What a night! Six years ago on that other night it was different.
Anxiety and foreboding throbbed in these streets. Belgian manhood in
arms marched away. The British marched away, and by midnight the last
soldier had gone. Suspense ... and then at two in the morning the first
German, a motor-cyclist, armed, goggled, covered with dust, vigilant....
And from the dawn German order reigned in Ghent--no bacchanalias.

The army went out by night by many roads, making, however, for Bruges.
It fell back for the defence, perhaps, of Bruges and of Ostende.
Brussels had fallen, and Ghent--there was not much of Belgium left. The
first morning out of Ghent saw the army at Somerghem, and the second at
Thielt. So tired were the troops that at each halt in the night both
officers and men, lying down by the roadside, fell asleep. At the halts
the men bumped into one another mechanically, like the trucks of a
freight train coming to a sudden stop, and then they just tumbled down
and snored.

Newly tarred barges loll slowly along the Bruges-Ghent canal, and there
is a vista along the straight water to the belfry of Ghent and the
cathedral. The sides of the canal are lush with verdure; health and
happiness spread out from its banks. One would say also the war never
was here. But in Somerghem the old church on the hill crowning the town
has been blown up. Its tower gave a view for leagues around, and the
Devil made good use of it when he had a chance and when he had done his
task blew it up lest others should follow his example. The Germans
evacuated the town just before the end of the war; the Belgian army
bombarded it and placed a gas concentration there. It was retaken, but
at the price of a most beautiful church.
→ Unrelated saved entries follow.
lemma vsmult_vspan:
  assumes r: "r \<in> carrier R" and v: "\<forall>j<m. v j \<in> vecs R n" and y: "y \<in> vspan R n m v"
  shows "vsmult R n r y \<in> vspan R n m v"
proof -
  obtain c where c: "\<forall>j<m. c j \<in> carrier R"
    and y_eq: "y = (\<lambda>i. if i < n then (\<Oplus>j\<in>{..<m}. c j \<otimes> v j i) else \<zero>)"
    using y unfolding vspan_def by blast
  have "r \<otimes> (\<Oplus>j\<in>{..<m}. c j \<otimes> v j i) = (\<Oplus>j\<in>{..<m}. (r \<otimes> c j) \<otimes> v j i)" if "i < n" for i
  proof -
    have "r \<otimes> (\<Oplus>j\<in>{..<m}. c j \<otimes> v j i) = (\<Oplus>j\<in>{..<m}. r \<otimes> (c j \<otimes> v j i))"
      using r c v that by (intro finsum_rdistr) (auto simp: vecs_def)
    also have "\<dots> = (\<Oplus>j\<in>{..<m}. (r \<otimes> c j) \<otimes> v j i)"
      using r c v that by (intro finsum_cong) (auto simp: vecs_def m_assoc simp_implies_def)
    finally show ?thesis .
  qed
  then have "vsmult R n r y = (\<lambda>i. if i < n then (\<Oplus>j\<in>{..<m}. (r \<otimes> c j) \<otimes> v j i) else \<zero>)"
    unfolding y_eq vsmult_def by auto
  then show ?thesis
    unfolding vspan_def using r c by (intro CollectI exI [of _ "\<lambda>j. r \<otimes> c j"]) auto
qed

lemma finsum_swap:
  assumes "finite A" "finite B" "\<And>i j. i \<in> A \<Longrightarrow> j \<in> B \<Longrightarrow> f i j \<in> carrier R"
  shows "(\<Oplus>i\<in>A. \<Oplus>j\<in>B. f i j) = (\<Oplus>j\<in>B. \<Oplus>i\<in>A. f i j)"
  using assms(1,3)
proof (induction A rule: finite_induct)
  case empty
  then show ?case by (simp add: finsum_zero)
next
  case (insert i A)
  then have "(\<Oplus>i\<in>insert i A. \<Oplus>j\<in>B. f i j) = (\<Oplus>j\<in>B. f i j) \<oplus> (\<Oplus>j\<in>B. \<Oplus>i\<in>A. f i j)"
    by (simp add: finsum_insert finsum_closed Pi_def)
  also have "\<dots> = (\<Oplus>j\<in>B. f i j \<oplus> (\<Oplus>i\<in>A. f i j))"
    using insert by (intro finsum_addf [symmetric]) (auto intro!: finsum_closed)
  also have "\<dots> = (\<Oplus>j\<in>B. \<Oplus>i\<in>insert i A. f i j)"
    using insert by (intro finsum_cong) (auto simp: finsum_insert)
  finally show ?case .
qed
(* Let $a,b\in\mathbb{C}$ with $a\neq0$, $\Re(b)>0$, $\Re(b+a)>0$, $\Re(b-a)>0$, $\frac32\pm\frac{a}{2b}\notin\mathbb{Z}_0^-$ and $\frac ab\notin\{\pm1,\pm3,\pm5,\dots\}$. Then $$ {}_3F_2\!\left(\begin{matrix}1,\ \frac12-\frac{a}{2b},\ \frac12+\frac{a}{2b}\\ \frac32-\frac{a}{2b},\ \frac32+\frac{a}{2b}\end{matrix};\,-1\right) =\frac{b^2-a^2}{2ab}\left[\frac\pi2\sec\!\Big(\frac{\pi a}{2b}\Big)-\beta\!\Big(\frac{a+b}{2b}\Big)\right] =\frac{b^2-a^2}{8ab}\left[\Psi\!\Big(\frac{3b-a}{4b}\Big)-\Psi\!\Big(\frac{b-a}{4b}\Big)-\Psi\!\Big(\frac{3b+a}{4b}\Big)+\Psi\!\Big(\frac{b+a}{4b}\Big)\right]. $$
   Context: $\mathbb{Z}_0^-=\{0,-1,-2,\dots\}$. The Pochhammer symbol is $(\lambda)_0=1$, $(\lambda)_n=\lambda(\lambda+1)\cdots(\lambda+n-1)$ for $n\ge1$. The generalized hypergeometric series is ${}_pF_q\!\left(\begin{matrix}\alpha_1,\dots,\alpha_p\\ \beta_1,\dots,\beta_q\end{matrix};z\right)=\sum_{n=0}^\infty\frac{(\alpha_1)_n\cdots(\alpha_p)_n}{(\beta_1)_n\cdots(\beta_q)_n}\frac{z^n}{n!}$ (with no $\beta_j\in\mathbb{Z}_0^-$). The (lower case) beta function of one variable is $\beta(x)=\sum_{k=0}^\infty\frac{(-1)^k}{k+x}$ for $x\in\mathbb{C}\setminus\mathbb{Z}_0^-$. $\Psi=\Gamma'/\Gamma$ is the digamma function. *)

theory Defs
  imports "HOL-Analysis.Analysis"
begin

definition hyp_term :: "complex list \<Rightarrow> complex list \<Rightarrow> complex \<Rightarrow> nat \<Rightarrow> complex" where
  "hyp_term as bs z n =
     (\<Prod>a\<leftarrow>as. pochhammer a n) / (\<Prod>b\<leftarrow>bs. pochhammer b n) * z ^ n / of_nat (fact n)"

definition hypergeom :: "complex list \<Rightarrow> complex list \<Rightarrow> complex \<Rightarrow> complex" where
  "hypergeom as bs z = (\<Sum>n. hyp_term as bs z n)"

definition beta1 :: "complex \<Rightarrow> complex" where
  "beta1 x = (\<Sum>k. (-1) ^ k / (of_nat k + x))"

end

theory Submission
  imports Defs
begin

text \<open>With \<open>x = 1/2 - a/(2b)\<close> the series is \<open>\<^sub>3F\<^sub>2(1, x, 1 - x; x + 1, 2 - x; -1)\<close>.
Since \<open>(x)\<^sub>n / (x + 1)\<^sub>n = x / (x + n)\<close>, its terms split into partial fractions and it equals
\<open>x (1 - x) / (1 - 2x) \<cdot> (\<beta>(x) - \<beta>(1 - x))\<close>. Writing \<open>\<beta>(x) = (\<psi>((x + 1)/2) - \<psi>(x/2)) / 2\<close>,
the reflection formula for \<open>\<psi>\<close> gives \<open>\<beta>(x) + \<beta>(1 - x) = \<pi> / sin (\<pi> x)\<close>; eliminating \<open>\<beta>(x)\<close>
yields the first identity, and the digamma form of \<open>\<beta>\<close> the second.\<close>

lemma Digamma_reflection_complex:
  fixes z :: complex
  assumes "z \<notin> \<int>"
  shows "Digamma (1 - z) - Digamma z = of_real pi * cot (of_real pi * z)"
proof -
  have z: "z \<notin> \<int>\<^sub>\<le>\<^sub>0" "1 - z \<notin> \<int>\<^sub>\<le>\<^sub>0"
    using assms Ints_diff[of 1 "1 - z"] by (auto intro: not_in_Ints_imp_not_in_nonpos_Ints)
  have sin: "sin (of_real pi * z) \<noteq> 0"
    using assms by (subst sin_eq_0) auto
  text \<open>Differentiate both sides of the reflection formula for \<open>\<Gamma>\<close>.\<close>
  have "((\<lambda>z. Gamma z * Gamma (1 - z)) has_field_derivative
          Gamma z * Gamma (1 - z) * (Digamma z - Digamma (1 - z))) (at z)"
    using z by (auto intro!: derivative_eq_intros simp: algebra_simps)
  moreover have "((\<lambda>z. Gamma z * Gamma (1 - z)) has_field_derivative
          - (of_real pi)\<^sup>2 * cos (of_real pi * z) / (sin (of_real pi * z))\<^sup>2) (at z)"
    unfolding Gamma_reflection_complex using sin
    by (auto intro!: derivative_eq_intros simp: power2_eq_square)
  ultimately have "of_real pi / sin (of_real pi * z) * (Digamma z - Digamma (1 - z))
      = - (of_real pi)\<^sup>2 * cos (of_real pi * z) / (sin (of_real pi * z))\<^sup>2"
    by (metis DERIV_unique Gamma_reflection_complex)
  also have "\<dots> = of_real pi / sin (of_real pi * z) * (- of_real pi * cot (of_real pi * z))"
    by (simp add: cot_def power2_eq_square)
  finally have "Digamma z - Digamma (1 - z) = - of_real pi * cot (of_real pi * z)"
    using sin by (subst (asm) mult_left_cancel) auto
  then show ?thesis
    by (simp add: algebra_simps)
qed
(* There is an absolute constant $C>0$ such that for every integer $q\geq 4$ and every positive integer $n$, \[ F_{q,q-1}(n)\leq G_{q,q-1}(n)\leq n^{1+C/\sqrt{\log q}}. \] In particular, for every fixed $\varepsilon>0$ there is $q_0(\varepsilon)$ such that for all integers $q\geq q_0(\varepsilon)$ and all positive integers $n$, $F_{q,q-1}(n)\leq G_{q,q-1}(n)\leq n^{1+\varepsilon}$.
   Context: Logarithms are to base $2$, and $[n]=\{1,\dots,n\}$. For integers $q\geq r\geq 1$ and $x,y\in\mathbb{R}^q$, write $x<_r y$ if there are at least $r$ coordinates $i\in[q]$ with $x_i<y_i$. $F_{q,r}(n)$ is the maximum $N$ such that there exist vectors $x_1,\dots,x_N\in[n]^q$ with $x_a<_r x_b$ for all $1\leq a<b\leq N$ (an $r$-increasing sequence). $G_{q,r}(n)$ is the maximum size of a set $S\subseteq[n]^q$ such that for all distinct $x,y\in S$, either $x<_r y$ or $y<_r x$ (an $r$-comparable set). *)

theory Defs
  imports Complex_Main
begin

text \<open>Vectors in [n]^q are represented as lists of length q with entries in {1..n};
  coordinate i (1-based in the paper) is xs ! (i-1).\<close>

definition cube :: "nat \<Rightarrow> nat \<Rightarrow> nat list set" where
  "cube q n = {xs. length xs = q \<and> set xs \<subseteq> {1..n}}"

definition r_less :: "nat \<Rightarrow> nat list \<Rightarrow> nat list \<Rightarrow> bool" where
  "r_less r x y \<longleftrightarrow> r \<le> card {i. i < length x \<and> i < length y \<and> x ! i < y ! i}"
lemma comm_subgroup_normal:
  assumes A: "A \<lhd> G" and B: "B \<lhd> G"
  shows "comm_subgroup G A B \<lhd> G"
  unfolding comm_subgroup_def
proof (rule normal_generateI)
  have AB: "A \<subseteq> carrier G" "B \<subseteq> carrier G" using A B by (simp_all add: normal_subset)
  then show "comm_set G A B \<subseteq> carrier G" by (rule comm_set_closed)
  fix h g assume "h \<in> comm_set G A B" and g: "g \<in> carrier G"
  then obtain a b where ab: "a \<in> A" "b \<in> B" "h = commutator G a b"
    by (auto simp: comm_set_conv_commutator)
  moreover have "a \<in> carrier G" "b \<in> carrier G" using AB ab by auto
  ultimately have "g \<otimes> h \<otimes> inv g = commutator G (conjugate G g a) (conjugate G g b)"
    using g by (metis conjugate_def conjugate_commutator)
  moreover have "conjugate G g a \<in> A" "conjugate G g b \<in> B"
    using A B g ab by (simp_all add: normal_conjugate_closed)
  ultimately show "g \<otimes> h \<otimes> inv g \<in> comm_set G A B" by (auto simp: comm_set_conv_commutator)
qed

lemma commutator_generate_left_in_normal:
  assumes D: "D \<lhd> G" and S: "S \<subseteq> carrier G" and T: "T \<subseteq> carrier G"
    and ST: "\<And>x y. x \<in> S \<Longrightarrow> y \<in> T \<Longrightarrow> commutator G x y \<in> D"
    and u: "u \<in> generate G S" and y: "y \<in> T"
  shows "commutator G u y \<in> D"
  using u
proof (induct rule: generate.induct)
  case one
  then show ?case using y T D by (auto simp: commutator_def normal_def subgroup.one_closed)
next
  case (incl h)
  then show ?case using ST y by blast
next
  case (inv h)
  then have "h \<in> carrier G" "y \<in> carrier G" "commutator G h y \<in> D" using S T y ST by auto
  then show ?case using D
    by (simp add: commutator_inv_left normal_conjugate_closed
        subgroup.m_inv_closed[OF normal_imp_subgroup])
next
  case (eng h1 h2)
  then have "h1 \<in> carrier G" "h2 \<in> carrier G" using S generate_in_carrier by auto
  then show ?case using eng D T y
    by (auto simp: commutator_mult_left intro!: normal_conjugate_closed
        subgroup.m_closed[OF normal_imp_subgroup])
qed

text \<open>Since \<open>[x, y] = [y, x]\<inverse>\<close>, the left-hand version applied twice handles both arguments.\<close>

lemma comm_subgroup_generate_subset:
  assumes D: "D \<lhd> G" and S: "S \<subseteq> carrier G" and T: "T \<subseteq> carrier G"
    and ST: "\<And>x y. x \<in> S \<Longrightarrow> y \<in> T \<Longrightarrow> commutator G x y \<in> D"
  shows "comm_subgroup G (generate G S) (generate G T) \<subseteq> D"
proof -
  have D_inv: "inv d \<in> D" if "d \<in> D" for d
    using D that by (simp add: normal_imp_subgroup subgroup.m_inv_closed)
  have SG: "generate G S \<subseteq> carrier G" using S by (rule generate_in_carrier[THEN subsetI])
  have "commutator G v u \<in> D" if "v \<in> generate G T" "u \<in> generate G S" for u v
  proof (rule commutator_generate_left_in_normal[OF D T SG _ that])
    fix y u' assume "y \<in> T" "u' \<in> generate G S"
    then show "commutator G y u' \<in> D"
      using commutator_generate_left_in_normal[OF D S T ST] D_inv T SG
      by (metis inv_commutator subsetD)
  qed
  then have "commutator G u v \<in> D" if "u \<in> generate G S" "v \<in> generate G T" for u v
    using that D_inv SG generate_in_carrier[OF T] by (metis inv_commutator subsetD)
  then show ?thesis
    unfolding comm_subgroup_def
    by (intro generate_subgroup_incl normal_imp_subgroup[OF D])
       (auto simp: comm_set_conv_commutator)
qed
(* Let $\mathcal{X}$ and $\mathcal{Y}$ be mm-spaces and $p\geq1$. Then $$d_{\mathrm{GW},p}(\mathcal{X},\mathcal{Y})=\inf_{\mathcal{Z}}d_{\mathrm{GM},p}(\mathcal{Z},\mathcal{Y}),$$ where the infimum is taken over all mass splittings $\mathcal{Z}$ of $\mathcal{X}$.
   Context: A metric measure space (mm-space) is a triple $\mathcal{X}=(X,d_X,\mu_X)$ with $(X,d_X)$ a compact metric space and $\mu_X$ a Borel probability measure of full support. A pseudo-metric measure space (pmm-space) is a triple $\mathcal{Z}=(Z,d_Z,\mu_Z)$ where $d_Z$ satisfies all metric axioms except that $d_Z(z,z')=0$ is allowed for $z\neq z'$, $(Z,d_Z)$ is compact in the topology generated by open balls, and $\mu_Z$ is a Borel probability measure of full support. A mass splitting of an mm-space $\mathcal{X}$ is a pmm-space $\mathcal{Z}$ for which there is a measurable map $\pi:Z\to X$ with $\pi_\#\mu_Z=\mu_X$ and $d_Z(z,z')=d_X(\pi(z),\pi(z'))$ for all $z,z'\in Z$. For (p)mm-spaces, $\mathcal{T}(\mu_Z,\mu_Y)$ is the set of measurable $\phi:Z\to Y$ with $\phi_\#\mu_Z=\mu_Y$, and $$d_{\mathrm{GM},p}(\mathcal{Z},\mathcal{Y})=\inf_{\phi\in\mathcal{T}(\mu_Z,\mu_Y)}\left(\iint_{Z\times Z}|d_Z(z,z')-d_Y(\phi(z),\phi(z'))|^p\,\mu_Z(dz)\mu_Z(dz')\right)^{1/p}$$ ($=\infty$ if no such $\phi$ exists). With $\mathcal{U}(\mu_X,\mu_Y)$ the set of Borel probability measures on $X\times Y$ with marginals $\mu_X,\mu_Y$ (couplings), the Gromov–Wasserstein $p$-distance is $$d_{\mathrm{GW},p}(\mathcal{X},\mathcal{Y})=\inf_{\mu\in\mathcal{U}(\mu_X,\mu_Y)}\left(\iint|d_X(x,x')-d_Y(y,y')|^p\,\mu(dx\times dy)\,\mu(dx'\times dy')\right)^{1/p}.$$
   Formalization: In a pmm-space, $\mu_Z$ lives on any sigma-algebra containing the Borel sets of the ball topology rather than on the Borel sets themselves, and measurability of $\pi$ and $\phi$ refers to that sigma-algebra. The statement above fails without it. *)

theory Defs
  imports "HOL-Analysis.Analysis" "HOL-Probability.Probability"
begin

definition borel_of :: "'a topology \<Rightarrow> 'a measure" where
  "borel_of T = sigma (topspace T) {U. openin T U}"

definition full_support :: "'a topology \<Rightarrow> 'a measure \<Rightarrow> bool" where
  "full_support T M \<longleftrightarrow> (\<forall>U. openin T U \<and> U \<noteq> {} \<longrightarrow> emeasure M U > 0)"

definition mm_space :: "('a \<Rightarrow> 'a \<Rightarrow> real) \<Rightarrow> 'a measure \<Rightarrow> bool" where
  "mm_space d M \<longleftrightarrow>
     Metric_space (space M) d \<and>
     compact_space (Metric_space.mtopology (space M) d) \<and>
     sets M = sets (borel_of (Metric_space.mtopology (space M) d)) \<and>
     prob_space M \<and>
     full_support (Metric_space.mtopology (space M) d) M"

definition pseudo_metric :: "'a set \<Rightarrow> ('a \<Rightarrow> 'a \<Rightarrow> real) \<Rightarrow> bool" where
  "pseudo_metric Z d \<longleftrightarrow>
     (\<forall>x y. 0 \<le> d x y) \<and> (\<forall>x y. d x y = d y x) \<and> (\<forall>x\<in>Z. d x x = 0) \<and>
     (\<forall>x\<in>Z. \<forall>y\<in>Z. \<forall>z\<in>Z. d x z \<le> d x y + d y z)"

definition pm_open :: "'a set \<Rightarrow> ('a \<Rightarrow> 'a \<Rightarrow> real) \<Rightarrow> 'a set \<Rightarrow> bool" where
  "pm_open Z d U \<longleftrightarrow> U \<subseteq> Z \<and> (\<forall>x\<in>U. \<exists>r>0. {y\<in>Z. d x y < r} \<subseteq> U)"

definition pm_topology :: "'a set \<Rightarrow> ('a \<Rightarrow> 'a \<Rightarrow> real) \<Rightarrow> 'a topology" where
  "pm_topology Z d = topology (pm_open Z d)"

definition pmm_space :: "('a \<Rightarrow> 'a \<Rightarrow> real) \<Rightarrow> 'a measure \<Rightarrow> bool" where
  "pmm_space d M \<longleftrightarrow>
     pseudo_metric (space M) d \<and>
     compact_space (pm_topology (space M) d) \<and>
     sets (borel_of (pm_topology (space M) d)) \<subseteq> sets M \<and>
     prob_space M \<and>
     full_support (pm_topology (space M) d) M"

definition mass_splitting ::
  "('c \<Rightarrow> 'c \<Rightarrow> real) \<Rightarrow> 'c measure \<Rightarrow> ('a \<Rightarrow> 'a \<Rightarrow> real) \<Rightarrow> 'a measure \<Rightarrow> bool" where
  "mass_splitting dZ MZ dX MX \<longleftrightarrow>
     pmm_space dZ MZ \<and>
     (\<exists>\<pi>. \<pi> \<in> measurable MZ MX \<and> distr MZ MX \<pi> = MX \<and>
          (\<forall>z\<in>space MZ. \<forall>z'\<in>space MZ. dZ z z' = dX (\<pi> z) (\<pi> z')))"

definition proot :: "real \<Rightarrow> ennreal \<Rightarrow> ennreal" where
  "proot p x = (if x = \<infinity> then \<infinity> else ennreal (enn2real x powr (1 / p)))"

definition transport_maps :: "'c measure \<Rightarrow> 'b measure \<Rightarrow> ('c \<Rightarrow> 'b) set" where
  "transport_maps MZ MY = {\<phi>. \<phi> \<in> measurable MZ MY \<and> distr MZ MY \<phi> = MY}"

text \<open>Gromov-Monge p-distance (INF over the empty set is \<infinity>).\<close>
definition dGM ::
  "real \<Rightarrow> ('c \<Rightarrow> 'c \<Rightarrow> real) \<Rightarrow> 'c measure \<Rightarrow> ('b \<Rightarrow> 'b \<Rightarrow> real) \<Rightarrow> 'b measure \<Rightarrow> ennreal" where
  "dGM p dZ MZ dY MY =
     (INF \<phi>\<in>transport_maps MZ MY.
        proot p (\<integral>\<^sup>+ z. \<integral>\<^sup>+ z'. ennreal (\<bar>dZ z z' - dY (\<phi> z) (\<phi> z')\<bar> powr p) \<partial>MZ \<partial>MZ))"

definition couplings :: "'a measure \<Rightarrow> 'b measure \<Rightarrow> ('a \<times> 'b) measure set" where
  "couplings MX MY = {\<mu>. sets \<mu> = sets (MX \<Otimes>\<^sub>M MY) \<and> prob_space \<mu> \<and>
                         distr \<mu> MX fst = MX \<and> distr \<mu> MY snd = MY}"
The inhabitants are all back.
They remember the Tommies and, of course, the Scots. The Gordons in
their kilts made a lasting impression. Somerghem saw much war life
before the enemy marched away, and German soldier life, with its
violently repressive military discipline and its correspondingly lax
morality, was rife. The more perfect their military obedience the less
heed there was of God.

One sees in these parts not a few war-babies, and worse than these, for
they are innocent enough, one sees war-children in adolescence. The
numbers of depraved young girls is appalling. Perhaps there were many
before the war, but they look rather like war products. How many of them
there are in the beer-houses and backyards of the small towns! It is
difficult to avoid adventures with them. Bertha and Martha, depraved
little rascals, come running along the canal bank, one in clogs, one in
stocking soles. They talk scraps of German and scraps of French, and
make disgusting gestures and throw themselves about in hard, coarse
laughter. Martha is a strong and brazen little hussy with red face and
fat little arms. Bertha is a soft-witted, pallid slip of a girl with
full throat and weak lips. Both have long black finger-nails, both are
in cotton rags; but Bertha has a large yellow festering wound on her
ankle which she says was caused by a bit of shrapnel. Bertha is the
younger. Martha may be sixteen; Bertha would be two years younger. And
Martha would get Bertha into trouble. "Take Bertha!" she says
continually, suggestively making signs. Poor war-children! When the war
began Martha was ten and Bertha was eight. Martha was corrupted in it;
pale, sickly, weak-lipped Bertha, with the shrapnel wound, perhaps not
actually corrupted. When the wound had been examined and their nails cut
they concluded they had met a doctor.

They scamper away at last. The dark water of the canal flows peacefully
between banks of untarnished green. Nature is unqualified loveliness.
At Somerghem, however, behind this veil there has been war, there has
been something of the curse. One begins to notice in old walls patches
of new brick where shell-holes in human habitations have been cobbled.
Re-pointing is going on. The splash where the splinters of iron rived a
whole house has been sought to be gently erased. The most virtuous work
in the world! But it splashed on to the children too, and who can
re-point the Berthas and the Marthas?

Enfin, the fair-sized town of Thielt, would-be picturesque but
surprisingly shabby, not clean, not cleaned up, not quite like Belgium.
The dirtiest of all possible hotels, more like a billet than a hotel,
unswept floors, smashed china, supper in a kitchen which does not gleam
like housewife's honour. It is a town unlike Ghent, unlike Bruges. It
has not, however, been much shelled. British and Belgian gunners seem to
have had orders to spare friendly cities. But there is no doubt that
Thielt was in the war. Half its present inhabitants are _revenants_, as
the French call those pitiful spirits who return to the places where
they used to live. Mine host fled to Paris in 1914, and did not make a
fortune there; he talks bitterly of _Bosches_ and compensation. He is
forty-six and set. Six years ago he felt a young man, he says, but
to-day he is not ready to start anything new.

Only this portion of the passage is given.